Eliminate reliance on manual intervention for routine digital chores. DACM is ideal for complex workflow orchestration, rigorous GUI regression validation, or building fully autonomous digital coworkers 🧑💻.
💡 Rationale for Adopting DACM
- 🤖 Agent Empowerment: Bestow direct control over conventional desktop software environments to your intelligent models.

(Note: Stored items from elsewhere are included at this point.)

(* Let $\alpha,\beta\in\mathbb{C}$ be not both zero, $\ell(x,y)=\alpha x+\beta y$, $H(x,y)=\tfrac12 a_1x^2+a_2xy+\tfrac12 a_3y^2+a_4x+a_5y$, and let $\Phi_f$ be the Kahan map (step $1$) of the vector field $f=\ell\,(\partial H/\partial y,\,-\partial H/\partial x)^T$. Let $\gamma_1=a_2^2-a_1a_3$, $c=\gamma_1^{-1/2}$, $\gamma_2=a_3a_4^2+a_1a_5^2-2a_2a_4a_5$, $C=H-\tfrac12\gamma_2\ell^2$, $D=1-\gamma_1\ell^2$, and consider the pencil of conics $C(x,y)-\lambda D(x,y)=0$, with $C(x,y)=0$ nonsingular. Then, generically, the map $\Phi_f$, considered as a birational map $\mathbb{C}P^2\dashrightarrow\mathbb{C}P^2$, has three singular points $B_1,B_3,B_0$, lying on the lines $\ell(x,y)=-c$, $\ell(x,y)=c$ and $\ell(x,y)=0$ respectively; and $\Phi_f^{-1}$ has three singular points $B_2,B_4,B_5$, lying on the lines $\ell(x,y)=-c$, $\ell(x,y)=c$ and $\ell(x,y)=0$ respectively. The points $B_1,B_2,B_3,B_4$ are the base points of the pencil, and $$B_0=\tfrac12(B_2+B_4),\qquad B_5=\tfrac12(B_1+B_3).$$
   Context: Kahan discretization: for a quadratic vector field $f(x)=Q(x)+Bx+c$ on $\mathbb{C}^n$, the Kahan map $\widetilde x=\Phi_f(x)$ (step $1$) is defined by $\frac{\widetilde x-x}{2}=Q(x,\widetilde x)+\frac12B(x+\widetilde x)+c$ with $Q(x,\widetilde x)=\frac12(Q(x+\widetilde x)-Q(x)-Q(\widetilde x))$; equivalently $\Phi_f(x)=x+2(I-f'(x))^{-1}f(x)$. It is birational with $\Phi_f^{-1}=\Phi_{-f}$. In the planar case $\Phi_f=(R/T,S/T)$ with polynomials $R,S,T$ of degree 2; singular points of the birational map are its points of indeterminacy, i.e. the common zeros of the components of its homogenized representation (in the affine part, the common zeros of $R,S,T$). Base points of a pencil of conics are the points common to all its conics. *)

theory Defs
  imports Complex_Main
begin

type_synonym lin2 = "complex \<times> complex \<times> complex"
type_synonym quad2 = "complex \<times> complex \<times> complex \<times> complex \<times> complex \<times> complex"

fun lin_eval :: "lin2 \<Rightarrow> complex \<Rightarrow> complex \<Rightarrow> complex" where
  "lin_eval (p, q, r) x y = p * x + q * y + r"

fun quad_eval :: "quad2 \<Rightarrow> complex \<Rightarrow> complex \<Rightarrow> complex" where
  "quad_eval (A, B, C, D, E, F) x y = A * x^2 + B * x * y + C * y^2 + D * x + E * y + F"

fun quad_hom :: "quad2 \<Rightarrow> complex \<Rightarrow> complex \<Rightarrow> complex \<Rightarrow> complex" where
  "quad_hom (A, B, C, D, E, F) x y z =
     A * x^2 + B * x * y + C * y^2 + D * x * z + E * y * z + F * z^2"

fun lin_mul :: "lin2 \<Rightarrow> lin2 \<Rightarrow> quad2" where
  "lin_mul (p, q, r) (u, v, w) = (p * u, p * v + q * u, q * v, p * w + r * u, q * w + r * v, r * w)"

fun quad_add :: "quad2 \<Rightarrow> quad2 \<Rightarrow> quad2" where
  "quad_add (A, B, C, D, E, F) (A', B', C', D', E', F') =
     (A + A', B + B', C + C', D + D', E + E', F + F')"

fun quad_scale :: "complex \<Rightarrow> quad2 \<Rightarrow> quad2" where
  "quad_scale k (A, B, C, D, E, F) = (k * A, k * B, k * C, k * D, k * E, k * F)"

definition quad_const :: "complex \<Rightarrow> quad2" where
  "quad_const k = (0, 0, 0, 0, 0, k)"

fun quad_dx :: "quad2 \<Rightarrow> lin2" where
  "quad_dx (A, B, C, D, E, F) = (2 * A, B, D)"

fun quad_dy :: "quad2 \<Rightarrow> lin2" where
  "quad_dy (A, B, C, D, E, F) = (B, 2 * C, E)"

text \<open>A conic \<open>Q(x,y) = 0\<close> is nonsingular if its projective closure has no singular point,
  i.e. no point of \<open>\<complex>P^2\<close> at which all partial derivatives of the homogenized equation
  vanish.\<close>
fun conic_nonsingular :: "quad2 \<Rightarrow> bool" where
  "conic_nonsingular (A, B, C, D, E, F) \<longleftrightarrow>
     \<not> (\<exists>x y z. (x, y, z) \<noteq> (0, 0, 0) \<and>
            2 * A * x + B * y + D * z = 0 \<and>
            B * x + 2 * C * y + E * z = 0 \<and>
            D * x + E * y + 2 * F * z = 0)"

text \<open>A quadratic vector field \<open>f = (f1, f2)\<close> on \<open>\<complex>^2\<close>, each component of degree \<le> 2.
  Writing \<open>f(x) = Q(x) + Bx + c\<close>, the Kahan equation
  \<open>(x' - x)/2 = Q(x,x') + B(x+x')/2 + c\<close> is equivalent to
  \<open>(I - f'(x)) x' = (I + B) x + 2 c\<close>, so \<open>\<Phi>_f = (R/T, S/T)\<close> with
  \<open>T = det (I - f'(x))\<close>, \<open>(R, S) = adj (I - f'(x)) ((I + B) x + 2 c)\<close>
  (equivalently \<open>\<Phi>_f(x) = x + 2 (I - f'(x))^{-1} f(x)\<close>).
  Below are the homogenized components \<open>(R^h, S^h, T^h)\<close> (homogeneous of degree 2 in
  \<open>(x, y, z)\<close>; setting \<open>z = 1\<close> recovers \<open>R, S, T\<close>).\<close>

type_synonym qvf2 = "quad2 \<times> quad2"

fun kahan_hom :: "qvf2 \<Rightarrow> complex \<Rightarrow> complex \<Rightarrow> complex \<Rightarrow> complex \<times> complex \<times> complex" where
  "kahan_hom ((A1, B1, C1, D1, E1, F1), (A2, B2, C2, D2, E2, F2)) x y z =
    (let m11 = z - (2 * A1 * x + B1 * y + D1 * z);
         m12 = - (B1 * x + 2 * C1 * y + E1 * z);
         m21 = - (2 * A2 * x + B2 * y + D2 * z);
         m22 = z - (B2 * x + 2 * C2 * y + E2 * z);
         v1 = x + D1 * x + E1 * y + 2 * F1 * z;
         v2 = y + D2 * x + E2 * y + 2 * F2 * z
     in (m22 * v1 - m12 * v2, m11 * v2 - m21 * v1, m11 * m22 - m12 * m21))"

definition kahan_map :: "qvf2 \<Rightarrow> complex \<times> complex \<Rightarrow> complex \<times> complex" where
  "kahan_map f p = (case kahan_hom f (fst p) (snd p) 1 of (R, S, T) \<Rightarrow> (R / T, S / T))"

fun qvf_neg :: "qvf2 \<Rightarrow> qvf2" where
  "qvf_neg (f1, f2) = (quad_scale (-1) f1, quad_scale (-1) f2)"

text \<open>Points of \<open>\<complex>P^2\<close> are represented by the
  nonzero vectors of \<open>\<complex>^3\<close> (the set below is a union of punctured lines through 0).\<close>
definition kahan_sing :: "qvf2 \<Rightarrow> (complex \<times> complex \<times> complex) set" where
  "kahan_sing f = {(x, y, z). (x, y, z) \<noteq> (0, 0, 0) \<and> kahan_hom f x y z = (0, 0, 0)}"

text \<open>Singular points of \<open>\<Phi>_f^{-1} = \<Phi>_{-f}\<close>.\<close>
definition kahan_inv_sing :: "qvf2 \<Rightarrow> (complex \<times> complex \<times> complex) set" where
  "kahan_inv_sing f = kahan_sing (qvf_neg f)"

definition proj_pt :: "complex \<times> complex \<Rightarrow> (complex \<times> complex \<times> complex) set" where
  "proj_pt p = {(t * fst p, t * snd p, t) | t. t \<noteq> 0}"

definition pencil_base :: "quad2 \<Rightarrow> quad2 \<Rightarrow> (complex \<times> complex \<times> complex) set" where
  "pencil_base C D = {(x, y, z). (x, y, z) \<noteq> (0, 0, 0) \<and>
      (\<forall>lam. quad_hom C x y z - lam * quad_hom D x y z = 0)}"

inductive polyfun :: "nat \<Rightarrow> ((nat \<Rightarrow> complex) \<Rightarrow> complex) \<Rightarrow> bool" for n where
  pf_const: "polyfun n (\<lambda>v. k)"
| pf_var: "i < n \<Longrightarrow> polyfun n (\<lambda>v. v i)"
| pf_add: "polyfun n p \<Longrightarrow> polyfun n q \<Longrightarrow> polyfun n (\<lambda>v. p v + q v)"
| pf_mult: "polyfun n p \<Longrightarrow> polyfun n q \<Longrightarrow> polyfun n (\<lambda>v. p v * q v)"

- ✅ Seamless MCP Adherence: Optimized for rapid deployment within MCP-compliant execution environments, such as the Cursor IDE. Instantaneous setup is the standard.
- ⚙️ Minimal Overhead: Initialization requires only a straightforward invocation from the terminal; setup friction is negligible.
- 🖱️⌨️ Comprehensive Input Repertoire: Leverages the mature, extensively vetted functionalities provided by foundational libraries like PyAutoGUI and PyGetWindow.
- 🖼️ Visual Context Acquisition: Incorporates mechanisms for capturing screen states and performing template matching against visual assets—allowing agents to 'see' what the user sees.
- 🪟 Window State Manipulation: Full spectrum control over window dimensions, placement, focus state (minimize, maximize, restore). Maintain desktop organization effortlessly.
- 💬 User Feedback Loops: Utility functions for displaying modal dialogues (alerts, confirmations, user data prompts) to facilitate human-in-the-loop interaction.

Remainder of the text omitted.